Looking at the table above, we notice that 8/10 of the top 10 most popular playlists by the `average_popularity` metric are playlists with less than 100 songs. Just because a playlist has a lot of songs, or a high aggregate popularity, doesn't mean that the average popularity of a song on that playlist is high. Our new metric of `average_popularity` lets us rank playlists where the size of a playlist has no effect on it's overall score. We can visualize the top 25 playlists by average popularity in a bar chart.

In [38]:
top_25_playlists = playlists.sort('average_popularity', descending=True).take[:25]
top_25_playlists.barh('playlist_name', 'average_popularity')

Creating a new metric like `average_popularity` helps us more accurately and fairly measure the popularity of a playlist. 

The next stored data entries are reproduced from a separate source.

(* Let $n,m\ge 1$, let $A_1,\dots,A_m\in\mathbb{S}^n$ and $b\in\mathbb{R}^m$ be fixed, and let $p\ge 1$ be such that $\frac{p(p+1)}{2}>\operatorname{rank}\mathcal{A}$ and such that Assumption 1 holds for $p$. Then for almost every cost matrix $C\in\mathbb{S}^n$ (i.e., for all $C$ outside a Lebesgue-null subset of $\mathbb{S}^n$), the following holds: if $Y\in\mathcal{M}_p$ is a second-order critical point of (P), then $Y$ is globally optimal for (P) and $X=YY^\top$ is globally optimal for (SDP).
   Context: $\mathbb{S}^n$ is the space of real symmetric $n\times n$ matrices; $\langle U,V\rangle=\operatorname{tr}(U^\top V)$. The linear map $\mathcal{A}:\mathbb{S}^n\to\mathbb{R}^m$ is $\mathcal{A}(X)_i=\langle A_i,X\rangle$, with adjoint $\mathcal{A}^*(\nu)=\sum_i\nu_iA_i$; $\operatorname{rank}\mathcal{A}$ is the rank of this linear map. For $C\in\mathbb{S}^n$, (SDP) is: minimize $\langle C,X\rangle$ over $X\in\mathbb{S}^n$ with $\mathcal{A}(X)=b$, $X\succeq 0$ (feasible set assumed non-empty). For $p\ge1$, $\mathcal{M}_p=\{Y\in\mathbb{R}^{n\times p}:\mathcal{A}(YY^\top)=b\}$ and (P) is: minimize $g(Y)=\langle CY,Y\rangle$ over $Y\in\mathcal{M}_p$. Assumption 1 (for a given $p$ with $\mathcal{M}_p\neq\emptyset$): either (a) $A_1Y,\dots,A_mY$ are linearly independent in $\mathbb{R}^{n\times p}$ for all $Y\in\mathcal{M}_p$, or (b) $\operatorname{span}\{A_1Y,\dots,A_mY\}$ has the same dimension for all $Y$ in some open neighborhood of $\mathcal{M}_p$ in $\mathbb{R}^{n\times p}$. For $Y\in\mathcal{M}_p$: the tangent space is $T_Y=\{\dot Y\in\mathbb{R}^{n\times p}:\langle A_iY,\dot Y\rangle=0,\ i=1,\dots,m\}$; $G(Y)\in\mathbb{R}^{m\times m}$ has entries $G_{ij}=\langle A_iY,A_jY\rangle$; $\mu(Y)=G(Y)^\dagger\mathcal{A}(CYY^\top)$ (Moore–Penrose pseudo-inverse); $S(Y)=C-\mathcal{A}^*(\mu(Y))$. $Y$ is a (first-order) critical point of (P) if $S(Y)Y=0$, and a second-order critical point if moreover $\langle\dot Y,S(Y)\dot Y\rangle\ge0$ for all $\dot Y\in T_Y$. *)

theory Defs
  imports "HOL-Analysis.Analysis"
begin

text \<open>Matrices are represented by Cartesian types: an n x p real matrix is
  real^'p^'n (rows indexed by 'n, columns by 'p). The Frobenius inner product
  tr(U^T V) is the built-in inner product on real^'p^'n (sum of entrywise products).\<close>

definition sym_mat :: "real^'n^'n \<Rightarrow> bool" where
  "sym_mat X \<longleftrightarrow> transpose X = X"

definition psd :: "real^'n^'n \<Rightarrow> bool" where
  "psd X \<longleftrightarrow> (\<forall>x. x \<bullet> (X *v x) \<ge> 0)"

definition Aop :: "('m::finite \<Rightarrow> real^'n^'n) \<Rightarrow> real^'n^'n \<Rightarrow> real^'m" where
  "Aop A X = (\<chi> i. A i \<bullet> X)"

definition Aadj :: "('m::finite \<Rightarrow> real^'n^'n) \<Rightarrow> real^'m \<Rightarrow> real^'n^'n" where
  "Aadj A \<nu> = (\<Sum>i\<in>UNIV. (\<nu> $ i) *\<^sub>R A i)"

definition rankA :: "('m::finite \<Rightarrow> real^'n^'n) \<Rightarrow> nat" where
  "rankA A = dim (Aop A ` {X. sym_mat X})"

definition sdp_feasible :: "('m::finite \<Rightarrow> real^'n^'n) \<Rightarrow> real^'m \<Rightarrow> real^'n^'n \<Rightarrow> bool" where
  "sdp_feasible A b X \<longleftrightarrow> sym_mat X \<and> Aop A X = b \<and> psd X"

definition sdp_optimal :: "('m::finite \<Rightarrow> real^'n^'n) \<Rightarrow> real^'m \<Rightarrow> real^'n^'n \<Rightarrow> real^'n^'n \<Rightarrow> bool" where
  "sdp_optimal A b C X \<longleftrightarrow> sdp_feasible A b X \<and>
     (\<forall>X'. sdp_feasible A b X' \<longrightarrow> C \<bullet> X \<le> C \<bullet> X')"

definition Mp :: "('m::finite \<Rightarrow> real^'n^'n) \<Rightarrow> real^'m \<Rightarrow> (real^'p^'n) set" where
  "Mp A b = {Y. Aop A (Y ** transpose Y) = b}"

definition gcost :: "real^'n^'n \<Rightarrow> real^'p^'n \<Rightarrow> real" where
  "gcost C Y = (C ** Y) \<bullet> Y"

definition P_optimal :: "('m::finite \<Rightarrow> real^'n^'n) \<Rightarrow> real^'m \<Rightarrow> real^'n^'n \<Rightarrow> real^'p^'n \<Rightarrow> bool" where
  "P_optimal A b C Y \<longleftrightarrow> Y \<in> Mp A b \<and> (\<forall>Y'\<in>(Mp A b :: (real^'p^'n) set). gcost C Y \<le> gcost C Y')"

definition assumption1 :: "('m::finite \<Rightarrow> real^'n^'n) \<Rightarrow> real^'m \<Rightarrow> 'p::finite itself \<Rightarrow> bool" where
  "assumption1 A b _ \<longleftrightarrow> (Mp A b :: (real^'p^'n) set) \<noteq> {} \<and>
     ((\<forall>Y\<in>(Mp A b :: (real^'p^'n) set).
         \<forall>c::'m \<Rightarrow> real. (\<Sum>i\<in>UNIV. c i *\<^sub>R (A i ** Y)) = 0 \<longrightarrow> (\<forall>i. c i = 0))
      \<or> (\<exists>U::(real^'p^'n) set. open U \<and> Mp A b \<subseteq> U \<and>
           (\<exists>d. \<forall>Y\<in>U. dim (span (range (\<lambda>i. A i ** Y))) = d)))"

definition tangent :: "('m::finite \<Rightarrow> real^'n^'n) \<Rightarrow> real^'p^'n \<Rightarrow> (real^'p^'n) set" where
  "tangent A Y = {Yd. \<forall>i. (A i ** Y) \<bullet> Yd = 0}"

definition Gmat :: "('m::finite \<Rightarrow> real^'n^'n) \<Rightarrow> real^'p^'n \<Rightarrow> real^'m^'m" where
  "Gmat A Y = (\<chi> i j. (A i ** Y) \<bullet> (A j ** Y))"

definition pinv :: "real^'m^'m \<Rightarrow> real^'m^'m" where
  "pinv M = (THE P. M ** P ** M = M \<and> P ** M ** P = P \<and>
                    transpose (M ** P) = M ** P \<and> transpose (P ** M) = P ** M)"

definition mu :: "('m::finite \<Rightarrow> real^'n^'n) \<Rightarrow> real^'n^'n \<Rightarrow> real^'p^'n \<Rightarrow> real^'m" where
  "mu A C Y = pinv (Gmat A Y) *v Aop A (C ** Y ** transpose Y)"

definition Smat :: "('m::finite \<Rightarrow> real^'n^'n) \<Rightarrow> real^'n^'n \<Rightarrow> real^'p^'n \<Rightarrow> real^'n^'n" where
  "Smat A C Y = C - Aadj A (mu A C Y)"

definition critical :: "('m::finite \<Rightarrow> real^'n^'n) \<Rightarrow> real^'m \<Rightarrow> real^'n^'n \<Rightarrow> real^'p^'n \<Rightarrow> bool" where
  "critical A b C Y \<longleftrightarrow> Y \<in> Mp A b \<and> Smat A C Y ** Y = 0"

definition second_order_critical :: "('m::finite \<Rightarrow> real^'n^'n) \<Rightarrow> real^'m \<Rightarrow> real^'n^'n \<Rightarrow> real^'p^'n \<Rightarrow> bool" where
  "second_order_critical A b C Y \<longleftrightarrow> critical A b C Y \<and>
     (\<forall>Yd\<in>tangent A Y. Yd \<bullet> (Smat A C Y ** Yd) \<ge> 0)"

text \<open>Symmetric part; used to parametrize S^n from R^{n x n}.\<close>
definition sym_part :: "real^'n^'n \<Rightarrow> real^'n^'n" where
  "sym_part M = (1/2) *\<^sub>R (M + transpose M)"

end

theory Submission
  imports Defs
begin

We saw before when looking at the top 25 artists that they were all male. Now looking at the top playlists, we see that the current landscape of popular playlists and music may have an effect on the artists that are popular. For example, the RapCaviar is the second most popular playlist, and generally there tends to be fewer female rap artists than male. This shows that the current landscape of popular music can affect the types of artists topping the charts.

## Towards numerical variables
Most of the time, we are not solely interested in categorical variables. Our Spotify data also contains information on the release date of the track, so we can see how many songs were released each year.

In [39]:
grouped_years = spotify.select('track_artist', 'creation_year').group('creation_year').sort('count', descending=True)
grouped_years

creation_year,count
2019,9081
2018,3312
2017,2430
2016,2127
2015,1779
2014,1524
2013,956
2012,786
2020,785
2008,622


Sorting by the descending count lets us see which years had the most songs.

In [40]:
grouped_years.barh('creation_year', 'count')

The longest bars correspond to most recent years, but if you look closely, the years are not listed in chronological order. Years are a fixed chronological unit that have a specified order, but the bar chart is treating year as a categorical variable. We can sort by year instead of by count in order to get a chronological bar chart.

In [41]:
grouped_years.sort('creation_year', descending=True).barh('creation_year', 'count')

Now we can see that more songs have been released in more recent years. The bar for 2020 is much shorter than the bar for 2019, because the data was downloaded in January 2020, when there weren't very many new songs out yet.